The writers of travel guides like these are…well, if I may offer a rank generalization, not usually in the Fox News key demographic. The consumers of Lonely Planet and Rough Guides I’ve encountered around the world, if my generalize again, tend also to be of the hemp-granola-crystals-and-incense sort. But both of these guides clearly understand the perils of engagement with a regime like Burma’s.
Neither was tempted by the third option: act as a mouthpiece for the Burmese government, tout their businesses, and do what they say in exchange for a preferred status in reporting there. That option, of course, is what CNN’s bureau chief admitted to embracing to keep its operations running in Saddam’s Baghdad.
But limited engagement with fascist regimes–Iran and Syria–is also the chosen course advanced by the Iraq Survey Group.

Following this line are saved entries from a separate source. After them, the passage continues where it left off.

lemma obs_energy_split:
  assumes x: "x \<in> D" and \<eta>: "\<eta> > 0"
  shows "obs_energy T C \<tau> x \<le> obs_energy T C (ennreal \<eta>) x + obs_energy T C \<tau> (T \<eta> x)"
proof -
  define I where "I \<sigma> = {t::real. 0 \<le> t \<and> ennreal t < \<sigma>}" for \<sigma>
  define J where "J = {t::real. \<eta> \<le> t \<and> ennreal t < \<tau>}"
  have [measurable]: "I \<sigma> \<in> sets borel" "J \<in> sets borel" for \<sigma>
    unfolding I_def J_def by measurable
  have [measurable]: "energy_density x \<in> borel_measurable borel" using x by measurable
  have "obs_energy T C \<tau> x
      \<le> (\<integral>\<^sup>+ t. energy_density x t * indicator (I \<eta>) t + energy_density x t * indicator J t \<partial>lborel)"
    unfolding obs_energy_eq_density I_def[symmetric]
    by (intro nn_integral_mono)
       (auto simp: I_def J_def indicator_def not_le intro: ennreal_lessI order.strict_trans)
  also have "\<dots> = obs_energy T C (ennreal \<eta>) x + (\<integral>\<^sup>+ t. energy_density x t * indicator J t \<partial>lborel)"
    unfolding obs_energy_eq_density I_def by (rule nn_integral_add) measurable
  also have "(\<integral>\<^sup>+ t. energy_density x t * indicator J t \<partial>lborel)
      = (\<integral>\<^sup>+ s. energy_density x (\<eta> + s) * indicator J (\<eta> + s) \<partial>lborel)"
    using nn_integral_real_affine[of "\<lambda>t. energy_density x t * indicator J t" 1 \<eta>] by simp
  also have "\<dots> \<le> obs_energy T C \<tau> (T \<eta> x)"
    unfolding obs_energy_eq_density
  proof (intro nn_integral_mono)
    fix s :: real
    show "energy_density x (\<eta> + s) * indicator J (\<eta> + s)
        \<le> energy_density (T \<eta> x) s * indicator {t. 0 \<le> t \<and> ennreal t < \<tau>} s"
    proof (cases "\<eta> + s \<in> J")
      case True
      then have s: "0 \<le> s" "ennreal s < \<tau>"
        using \<eta> by (auto simp: J_def intro: order.strict_trans1[rotated] ennreal_leI)
      moreover have "T (max 0 (\<eta> + s)) x = T (max 0 s) (T \<eta> x)"
        using s \<eta> T_add[of s \<eta> x] by (simp add: max_def add.commute)
      ultimately show ?thesis using True by (simp add: energy_density_def)
    qed simp
  qed
  finally show ?thesis by (simp add: add_mono)
qed

lemma m2_le_M2_plus_M2:
  assumes x: "x \<in> D" "norm x = 1" and \<eta>: "\<eta> > 0"
  shows "m2 T D C \<tau> \<le> M2 T D C (ennreal \<eta>) + M2 T D C \<tau> * ennreal ((norm (T \<eta> x))\<^sup>2)"
proof -
  have "m2 T D C \<tau> \<le> obs_energy T C \<tau> x" unfolding m2_def by (rule INF_lower) (use x in auto)
  also have "\<dots> \<le> obs_energy T C (ennreal \<eta>) x + obs_energy T C \<tau> (T \<eta> x)"
    by (rule obs_energy_split[OF x(1) \<eta>])
  also have "\<dots> \<le> M2 T D C (ennreal \<eta>) + M2 T D C \<tau> * ennreal ((norm (T \<eta> x))\<^sup>2)"
  proof (rule add_mono)
    show "obs_energy T C (ennreal \<eta>) x \<le> M2 T D C (ennreal \<eta>)"
      unfolding M2_def by (rule SUP_upper) (use x in auto)
    show "obs_energy T C \<tau> (T \<eta> x) \<le> M2 T D C \<tau> * ennreal ((norm (T \<eta> x))\<^sup>2)"
      using \<eta> by (intro obs_energy_le_M2 domain_T x) auto
  qed
  finally show ?thesis .
qed

lemma BFC_system_lower_bound:
  assumes "BFC_system T D C"
  shows "\<exists>\<eta>>0. \<exists>c>0. \<forall>x\<in>D. norm x = 1 \<longrightarrow> c \<le> norm (T \<eta> x)"
proof -
  obtain \<eta> :: real and \<tau> where \<eta>: "0 < \<eta>" and adm: "M2 T D C \<tau> < \<infinity>"
    and gap: "M2 T D C (ennreal \<eta>) < m2 T D C \<tau>"
    using assms unfolding BFC_system_def admissible_in_def by blast
  obtain c where c: "c > 0" and
    c_le: "\<And>s. 0 \<le> s \<Longrightarrow> m2 T D C \<tau> \<le> M2 T D C (ennreal \<eta>) + M2 T D C \<tau> * ennreal s \<Longrightarrow> c \<le> s"
    using ennreal_gap_lower_bound[OF gap adm] by blast
  have "sqrt c \<le> norm (T \<eta> x)" if "x \<in> D" "norm x = 1" for x
    using c_le[OF zero_le_power2 m2_le_M2_plus_M2[OF that \<eta>]] real_sqrt_le_mono by fastforce
  then show ?thesis using \<eta> c by (metis real_sqrt_gt_zero)
qed

end


theorem corollary3p4:
  fixes scX :: "complex \<Rightarrow> 'x::banach \<Rightarrow> 'x"
    and scY :: "complex \<Rightarrow> 'y::banach \<Rightarrow> 'y"
    and T :: "real \<Rightarrow> 'x \<Rightarrow> 'x"
    and D :: "'x set"
    and A :: "'x \<Rightarrow> 'x"
    and C :: "'x \<Rightarrow> 'y"
  assumes "complex_structure scX" and "complex_structure scY"
    and "C0_semigroup scX T"
    and "minus_generator T D A"
    and "\<forall>x\<in>D. \<forall>y\<in>D. C (x + y) = C x + C y"
    and "\<forall>a. \<forall>x\<in>D. C (scX a x) = scY a (C x)"
    and "\<exists>K. \<forall>x\<in>D. norm (C x) \<le> K * (norm x + norm (A x))"
    and "admissible T D C"
    and "BFC_system T D C"
  shows "bounded (Re ` frontier (op_spectrum scX D A))"
proof -
  have "C (r *\<^sub>R x) = r *\<^sub>R C x" if "x \<in> D" for r x
    using assms(1,2,6) that by (metis complex_space.intro complex_space.sc_of_real)
  then interpret observed_system scX T D A C
    using assms by unfold_locales auto
  obtain \<eta> c where \<eta>: "\<eta> > 0" and c: "c > 0"
    and lower: "\<And>x. x \<in> D \<Longrightarrow> norm x = 1 \<Longrightarrow> c \<le> norm (T \<eta> x)"
    using BFC_system_lower_bound[OF assms(9)] by blast
  obtain r where "\<forall>l\<in>frontier (op_spectrum scX D A). r \<le> Re l"
    using frontier_spectrum_Re_lower_bound by blast
  with frontier_spectrum_Re_upper_bound[OF \<eta> c lower]
  have "Re ` frontier (op_spectrum scX D A) \<subseteq> {r .. - ln c / \<eta>}" by auto
  then show ?thesis by (rule bounded_subset[OF bounded_closed_interval])
qed

end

And it’s also the policy urged by Hillary Clinton and John Edwards.
The reason we took this little detour to Burma is this: even limited engagement is problematic. Even limited engagement helps keep evil in power and grants it legitimacy. Morally, it’s pretty skeevy. Politically, it encourages a regime’s supporters and dismays its opponents. Strategically, it doesn’t solve anything and may allow enemy regimes to grow stronger. Practically, most of the regimes whose interests lie diametrically opposed to ours shouldn’t be trusted to honor any such negotiations anyway.

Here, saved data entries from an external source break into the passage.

lemma sym_jacobian_minor_imp_child_selection:
  fixes s st R :: "'e::finite \<Rightarrow> 'm::finite \<Rightarrow> real"
  assumes R: "reactivity_matrix s R" and minor: "det_on K (sym_jacobian s st R) \<noteq> 0"
  obtains J where "inj_on J K" "\<forall>m\<in>K. s (J m) m > 0" "det_on K (cs_matrix s st J) \<noteq> 0"
proof -
  have "sym_jacobian s st R = (\<lambda>i l. \<Sum>j\<in>UNIV. stoich s st i j * R j l)"
    and "\<And>J. cs_matrix s st J = (\<lambda>i l. stoich s st i (J l))"
    by (simp_all add: fun_eq_iff sym_jacobian_def cs_matrix_def)
  with minor have "(\<Sum>J\<in>K \<rightarrow>\<^sub>E UNIV. (\<Prod>l\<in>K. R (J l) l) * det_on K (cs_matrix s st J)) \<noteq> 0"
    by (simp add: det_on_mult_expansion)
  then obtain J where "(\<Prod>l\<in>K. R (J l) l) * det_on K (cs_matrix s st J) \<noteq> 0"
    by (meson sum.not_neutral_contains_not_neutral)
  then have R_J: "\<forall>l\<in>K. R (J l) l \<noteq> 0" and det_J: "det_on K (cs_matrix s st J) \<noteq> 0"
    by auto
  have "inj_on J K"
  proof (rule inj_onI, rule ccontr)
    fix l l' assume "l \<in> K" "l' \<in> K" "J l = J l'" "l \<noteq> l'"
    then have "det_on K (cs_matrix s st J) = 0"
      by (intro det_on_identical_columns[of l K l']) (simp_all add: cs_matrix_def)
    with det_J show False by simp
  qed
  moreover have "\<forall>m\<in>K. s (J m) m > 0"
    using R R_J unfolding reactivity_matrix_def by metis
  ultimately show thesis using det_J that by blast
qed

lemma child_selection_imp_sym_jacobian_minor:
  fixes s st :: "'e::finite \<Rightarrow> 'm::finite \<Rightarrow> real"
  assumes reactant: "\<forall>m\<in>K. s (J m) m > 0" and det_J: "det_on K (cs_matrix s st J) \<noteq> 0"
  shows "\<exists>R. reactivity_matrix s R \<and> det_on K (sym_jacobian s st R) \<noteq> 0"
proof -
  define R :: "real \<Rightarrow> 'e \<Rightarrow> 'm \<Rightarrow> real" where
    "R e j m = (if m \<in> K \<and> j = J m then 1 else if s j m > 0 then e else 0)" for e j m
  define f where "f e = det_on K (sym_jacobian s st (R e))" for e
  have "f 0 = det_on K (cs_matrix s st J)"
    unfolding f_def
  proof (rule det_on_cong)
    fix i l assume "l \<in> K"
    then have "sym_jacobian s st (R 0) i l = (\<Sum>j\<in>UNIV. if j = J l then stoich s st i j else 0)"
      unfolding sym_jacobian_def R_def by (intro sum.cong) auto
    then show "sym_jacobian s st (R 0) i l = cs_matrix s st J i l"
      by (simp add: cs_matrix_def)
  qed
  moreover have "isCont (\<lambda>e. R e j m) 0" for j m
    unfolding R_def by (cases "m \<in> K"; cases "j = J m"; cases "s j m > 0") simp_all
  then have "isCont f 0"
    unfolding f_def det_on_def sym_jacobian_def by (intro continuous_intros)
  ultimately obtain e where "e > 0" "f e \<noteq> 0"
    using isCont_ex_pos_nonzero det_J by metis
  moreover have "reactivity_matrix s (R e)"
    unfolding reactivity_matrix_def R_def using reactant \<open>e > 0\<close> by auto
  ultimately show ?thesis unfolding f_def by blast
qed

lemma sym_jacobian_minor_iff_child_selection:
  fixes s st :: "'e::finite \<Rightarrow> 'm::finite \<Rightarrow> real"
  shows "(\<exists>R. reactivity_matrix s R \<and> (\<exists>K. card K = k \<and> det_on K (sym_jacobian s st R) \<noteq> 0))
     \<longleftrightarrow> (\<exists>\<kappa> E\<kappa> J. child_selection s k \<kappa> E\<kappa> J \<and> invertible_on \<kappa> (cs_matrix s st J))"
proof
  assume "\<exists>R. reactivity_matrix s R \<and> (\<exists>K. card K = k \<and> det_on K (sym_jacobian s st R) \<noteq> 0)"
  then obtain R K where R: "reactivity_matrix s R" and "card K = k"
    and minor: "det_on K (sym_jacobian s st R) \<noteq> 0"
    by blast
  moreover obtain J where
    "inj_on J K" "\<forall>m\<in>K. s (J m) m > 0" "det_on K (cs_matrix s st J) \<noteq> 0"
    using sym_jacobian_minor_imp_child_selection[OF R minor] by blast
  ultimately have "child_selection s k K (J ` K) J" and "invertible_on K (cs_matrix s st J)"
    by (simp_all add: child_selection_def card_image inj_on_imp_bij_betw invertible_on_iff_det_on_nonzero)
  then show "\<exists>\<kappa> E\<kappa> J. child_selection s k \<kappa> E\<kappa> J \<and> invertible_on \<kappa> (cs_matrix s st J)"
    by blast
next
  assume "\<exists>\<kappa> E\<kappa> J. child_selection s k \<kappa> E\<kappa> J \<and> invertible_on \<kappa> (cs_matrix s st J)"
  then obtain K EK J where "child_selection s k K EK J" "invertible_on K (cs_matrix s st J)"
    by blast
  then show "\<exists>R. reactivity_matrix s R \<and> (\<exists>K. card K = k \<and> det_on K (sym_jacobian s st R) \<noteq> 0)"
    using child_selection_imp_sym_jacobian_minor[of K s J st]
    by (auto simp: child_selection_def invertible_on_iff_det_on_nonzero)
qed

theorem mainTheorem9:
  fixes s st :: "'e::finite \<Rightarrow> 'm::finite \<Rightarrow> real"
  assumes "\<forall>j m. s j m \<ge> 0" and "\<forall>j m. st j m \<ge> 0"
  shows "nondegenerate s st \<longleftrightarrow>
    (\<exists>\<kappa> E\<kappa> J. child_selection s (CARD('m) - coker_dim s st) \<kappa> E\<kappa> J
        \<and> invertible_on \<kappa> (cs_matrix s st J))"
  unfolding nondegenerate_def by (rule sym_jacobian_minor_iff_child_selection)

end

“Neocons” and hawkish conservatives are often criticized for a simplistic shoot-first worldview. But it bothers me that I have seen very little evidence that the Left takes seriously the problems associated with “engagement”, or even acknowledges that there are any. Usually I see the litany of problems in Iraq, often followed by a defense of the moderation of the “real” Iranian regime–and then a leap the conclusion that therefore, negotiation with Iran must be called for. Hey, it’s different, so it must be better, right?
No. In the small matters such as a guidebook for Burma, well-meaning writers who (whether liberal or not) are cosmopolitan and politically aware and sip green tea with the Dalai Lama know damn well that such a choice is a complicated one, and that sometimes isolation is the right decision–even if it is a painful and costly one–and that not only won’t engagement won’t solve anything, it may make things worse.
DPRK PS: President Bush’s recent agreement with North Korea has come under such criticism as well. John Bolton, for one, doesn’t like it at all. I’m not sure what to make of it yet–I certainly don’t trust Kim Jong Il as far as Madeline Albright could throw him; but on the other hand our time and resources are limited and Iran’s sponsorship of terrorism and Israel-incineration rhetoric make controlling their nuclear program more of an immediate priority than KJ’s.
What I do see on the Right is a debate that acknowledges the essentially cruddy character of all the options we face. Isolation or engagement, attack or appeasement–none of them are a reflexive feel-good option. When Bush makes any kind deal with Musharraf or the Saudis–or remember Dubai!— he takes heat from the Right, as well as the Left who kick him for political points. We’re living in risky times, and we can’t afford a fuzzy-headed ideological preference for any particular tactic–unless “prudence” counts as an ideology.
Just remember all this when those who demand we engage with Iran’s mullahs bill themselves as the “realists”.